Out of the box the Toshiba had the old version of Windows 8 installed. Try as we might, we couldn’t get it to update itself to the 8.1 version, the one with the old style desktop. Aside from that, the computer was almost six months past its warranty date with Toshiba. Yes it was new but it seems that Toshiba limits its warranty to a one year period which starts when the retail outlet gets the computer. Hmmm, not good if that laptop sat on a shelf for a year and a half. Although the outlet offered a one year warranty of its own, we know how hard it is to get parts for anything that is more than a year old.
This experience made us think about you, our readers, and how you’re going to be faced with a dilemma if you’re thinking of picking up a new laptop in the next six months. Our suggestion is to wait, if you can, until next spring. Windows 10 will probably be released around April 15, 2015. In the past, Microsoft has offered free or heavily discounted upgrades to their next operating system if you purchase a computer in the weeks immediately prior to the O/S’s release date.
Take it from us, you don’t want to be stuck with Windows 8 on a laptop. We also don’t think that you want a Surface tablet, Microsoft’s own hardware product that uses Windows 8. We could buy two or three regular laptops for the price of one Surface Pro and the laptops would come with keyboards. The Surface does not come with one, even though every single ad shows it with a keyboard.

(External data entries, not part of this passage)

(* Let $x=(x_1,\dots,x_n)$ be a vector of variables, $f=(f_1,\dots,f_n)$ a vector of differential-free terms, and let $y=(y_1,\dots,y_n)$ be fresh variables (not occurring in $f$, in the domain constraints below, or in $e$). Then all instances of the following three formulas are valid: (Uniq) $\big(\langle x'=f(x)\,\&\,Q_1\rangle P\big)\wedge\big(\langle x'=f(x)\,\&\,Q_2\rangle P\big)\leftrightarrow \langle x'=f(x)\,\&\,Q_1\wedge Q_2\rangle P$, for semianalytic formulas $Q_1,Q_2$ and any formula $P$; (Cont) $x=y\rightarrow\big(\langle x'=f(x)\,\&\,e>0\rangle\, x\neq y\;\leftrightarrow\; e>0\big)$, for any differential-free term $e$, provided that the ODE locally evolves $x$, i.e. in every state the value of the vector $f$ is not the zero vector; (Dadj) $\langle x'=f(x)\,\&\,Q(x)\rangle\, x=y\;\leftrightarrow\;\langle y'=-f(y)\,\&\,Q(y)\rangle\, y=x$, for a semianalytic formula $Q(x)$, where $f(y)$, $Q(y)$ denote the results of replacing $x$ by $y$.
   Context: Variables are real-valued; each variable $x$ has a differential variable $x'$. A state is a map from variables to $\mathbb{R}$. Terms are built from variables, rational constants, $+$, $\cdot$ and finitely many fixed function symbols interpreted as $C^\infty$ functions $\mathbb{R}^k\to\mathbb{R}$, evaluated as usual; differential-free terms contain no differential variables. Semianalytic formulas are built from comparisons $e\sim\tilde e$ ($\sim\in\{=,\ge,>\}$) of differential-free terms by $\wedge,\vee,\neg$. Formulas additionally allow quantifiers and modalities $[\alpha]\phi$, $\langle\alpha\rangle\phi$ for ODEs $\alpha \equiv x'=f(x)\,\&\,Q$ ($Q$ semianalytic; omitted if $Q$ is true). For vectors, $x=y$ abbreviates $\bigwedge_i x_i=y_i$ and $x\neq y$ is its negation. Semantics of ODEs: $(\omega,\nu)\in[\![x'=f(x)\&Q]\!]$ iff there are $T\ge0$ and $\varphi:[0,T]\to$ states with $\varphi(0)=\omega$ on all variables except $x'$, $\varphi(T)=\nu$, and for all $\zeta\in[0,T]$: $\varphi(\zeta)$ satisfies $x'=f(x)\wedge Q$, $\varphi(\zeta)$ agrees with $\varphi(0)$ on all variables other than $x,x'$, and, if $T>0$, $t\mapsto\varphi(t)(x)$ is differentiable at $\zeta$ with derivative $\varphi(\zeta)(x')$. Then $\omega\models[\alpha]\phi$ iff $\nu\models\phi$ for all $\nu$ with $(\omega,\nu)\in[\![\alpha]\!]$, and $\omega\models\langle\alpha\rangle\phi$ iff $\nu\models\phi$ for some such $\nu$. A formula is valid if true in all states. *)

theory Defs
  imports Complex_Main
begin

text \<open>Each (base) variable v has a differential variable v'.\<close>
datatype 'v var = Base 'v | Diff 'v

type_synonym 'v state = "'v var \<Rightarrow> real"

text \<open>A function on R^k is represented as a function on real lists; only lists of
  length k matter. Continuity in the sup-norm sense, partial derivatives in direction i.\<close>

definition cont_len :: "nat \<Rightarrow> (real list \<Rightarrow> real) \<Rightarrow> bool" where
  "cont_len k g \<longleftrightarrow> (\<forall>xs. length xs = k \<longrightarrow> (\<forall>\<epsilon>>0. \<exists>\<delta>>0. \<forall>ys. length ys = k \<longrightarrow>
      (\<forall>i<k. \<bar>ys ! i - xs ! i\<bar> < \<delta>) \<longrightarrow> \<bar>g ys - g xs\<bar> < \<epsilon>))"

text \<open>C-infinity: all iterated partial derivatives exist everywhere and are continuous
  (greatest fixed point).\<close>
coinductive smooth_len :: "nat \<Rightarrow> (real list \<Rightarrow> real) \<Rightarrow> bool" for k where
  "cont_len k g \<Longrightarrow>
   (\<forall>i<k. \<exists>h. (\<forall>xs. length xs = k \<longrightarrow>
        ((\<lambda>t. g (xs[i := xs ! i + t])) has_real_derivative h xs) (at 0)) \<and> smooth_len k h)
   \<Longrightarrow> smooth_len k g"

datatype ('v, 'f) trm =
    Var "'v var"
  | Const rat
  | Plus "('v, 'f) trm" "('v, 'f) trm"
  | Times "('v, 'f) trm" "('v, 'f) trm"
  | Fn 'f "('v, 'f) trm list"

text \<open>An ODE x' = f(x) \& Q is written as the list of pairs (x_i, f_i) and the formula Q.\<close>
datatype ('v, 'f) fml =
    Eq "('v, 'f) trm" "('v, 'f) trm"
  | Geq "('v, 'f) trm" "('v, 'f) trm"
  | Gt "('v, 'f) trm" "('v, 'f) trm"
  | And "('v, 'f) fml" "('v, 'f) fml"
  | Or "('v, 'f) fml" "('v, 'f) fml"
  | Not "('v, 'f) fml"
  | Forall "'v var" "('v, 'f) fml"
  | Exists "'v var" "('v, 'f) fml"
  | Box "('v \<times> ('v, 'f) trm) list" "('v, 'f) fml" "('v, 'f) fml"
  | Dia "('v \<times> ('v, 'f) trm) list" "('v, 'f) fml" "('v, 'f) fml"

definition Imp :: "('v, 'f) fml \<Rightarrow> ('v, 'f) fml \<Rightarrow> ('v, 'f) fml" where
  "Imp p q = Or (Not p) q"

definition Iff :: "('v, 'f) fml \<Rightarrow> ('v, 'f) fml \<Rightarrow> ('v, 'f) fml" where
  "Iff p q = And (Imp p q) (Imp q p)"

definition VecEq :: "'v list \<Rightarrow> 'v list \<Rightarrow> ('v, 'f) fml" where
  "VecEq xs ys = foldr (\<lambda>(a, b) p. And (Eq (Var (Base a)) (Var (Base b))) p) (zip xs ys)
                    (Eq (Const 0) (Const 0))"

definition Neg :: "('v, 'f) trm \<Rightarrow> ('v, 'f) trm" where
  "Neg t = Times (Const (-1)) t"

fun dfree :: "('v, 'f) trm \<Rightarrow> bool" where
  "dfree (Var (Base _)) = True"
| "dfree (Var (Diff _)) = False"
| "dfree (Const _) = True"
| "dfree (Plus a b) = (dfree a \<and> dfree b)"
| "dfree (Times a b) = (dfree a \<and> dfree b)"
| "dfree (Fn _ ts) = (\<forall>t\<in>set ts. dfree t)"

fun wf_trm :: "('f \<Rightarrow> nat) \<Rightarrow> ('v, 'f) trm \<Rightarrow> bool" where
  "wf_trm ar (Var _) = True"
| "wf_trm ar (Const _) = True"
| "wf_trm ar (Plus a b) = (wf_trm ar a \<and> wf_trm ar b)"
| "wf_trm ar (Times a b) = (wf_trm ar a \<and> wf_trm ar b)"
| "wf_trm ar (Fn f ts) = (length ts = ar f \<and> (\<forall>t\<in>set ts. wf_trm ar t))"

fun vars_trm :: "('v, 'f) trm \<Rightarrow> 'v set" where
  "vars_trm (Var (Base v)) = {v}"
| "vars_trm (Var (Diff v)) = {v}"
| "vars_trm (Const _) = {}"
| "vars_trm (Plus a b) = vars_trm a \<union> vars_trm b"
| "vars_trm (Times a b) = vars_trm a \<union> vars_trm b"
| "vars_trm (Fn _ ts) = (\<Union>t\<in>set ts. vars_trm t)"

fun var_name :: "'v var \<Rightarrow> 'v" where
  "var_name (Base v) = v"
| "var_name (Diff v) = v"

fun vars_fml :: "('v, 'f) fml \<Rightarrow> 'v set" where
  "vars_fml (Eq a b) = vars_trm a \<union> vars_trm b"
| "vars_fml (Geq a b) = vars_trm a \<union> vars_trm b"
| "vars_fml (Gt a b) = vars_trm a \<union> vars_trm b"
| "vars_fml (And p q) = vars_fml p \<union> vars_fml q"
| "vars_fml (Or p q) = vars_fml p \<union> vars_fml q"
| "vars_fml (Not p) = vars_fml p"
| "vars_fml (Forall v p) = insert (var_name v) (vars_fml p)"
| "vars_fml (Exists v p) = insert (var_name v) (vars_fml p)"
| "vars_fml (Box ode q p) = set (map fst ode) \<union> (\<Union>e\<in>set ode. vars_trm (snd e)) \<union> vars_fml q \<union> vars_fml p"
| "vars_fml (Dia ode q p) = set (map fst ode) \<union> (\<Union>e\<in>set ode. vars_trm (snd e)) \<union> vars_fml q \<union> vars_fml p"

fun semianalytic :: "('v, 'f) fml \<Rightarrow> bool" where
  "semianalytic (Eq a b) = (dfree a \<and> dfree b)"
| "semianalytic (Geq a b) = (dfree a \<and> dfree b)"
| "semianalytic (Gt a b) = (dfree a \<and> dfree b)"
| "semianalytic (And p q) = (semianalytic p \<and> semianalytic q)"
| "semianalytic (Or p q) = (semianalytic p \<and> semianalytic q)"
| "semianalytic (Not p) = semianalytic p"
| "semianalytic (Forall _ _) = False"
| "semianalytic (Exists _ _) = False"
| "semianalytic (Box _ _ _) = False"
| "semianalytic (Dia _ _ _) = False"

definition wf_ode :: "('f \<Rightarrow> nat) \<Rightarrow> ('v \<times> ('v, 'f) trm) list \<Rightarrow> bool" where
  "wf_ode ar ode \<longleftrightarrow> distinct (map fst ode) \<and> (\<forall>e\<in>set ode. dfree (snd e) \<and> wf_trm ar (snd e))"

Aside from the free or discounted Windows 10 offering by Microsoft, laptop and computer manufacturers always tune their products for the next O/S. That means that they design the latest products around test versions of Microsoft’s latest operating system, even if that system hasn’t been released yet. We’re sure you’ve all heard of horrendous upgrade tales from friends who tried to install a new O/S on an old computer. In most cases, it just doesn’t work.
If you can, wait. If you can’t wait, see if you can pick up a Windows 7 laptop. Dell and other manufacturers still offer some models with the very stable Windows 7. Although the products may be a bit long in the tooth, you’ll appreciate using an interface that you know instead of looking at a desktop full of icons.
If you want to download the early beta of Windows 10, go here: Windows 10 Beta Download The file you download will be an ISO. You won’t be able to do anything with it until you burn it to a DVD (easy) or put it on a flash drive (more complicated). Regardless of how you install this beta, DO NOT use it as your main Operating System. Play with it, get used to how it looks and operates but don’t do any real work on it. While these releases are usually stable, there is no guarantee that your data is safe. One glitch and you could lose everything.
For that reason we suggest using a new drive and dual-boot. We’ll get into that later in another post but whatever you do, don’t install Windows 10 Beta over your old, stable version of Windows.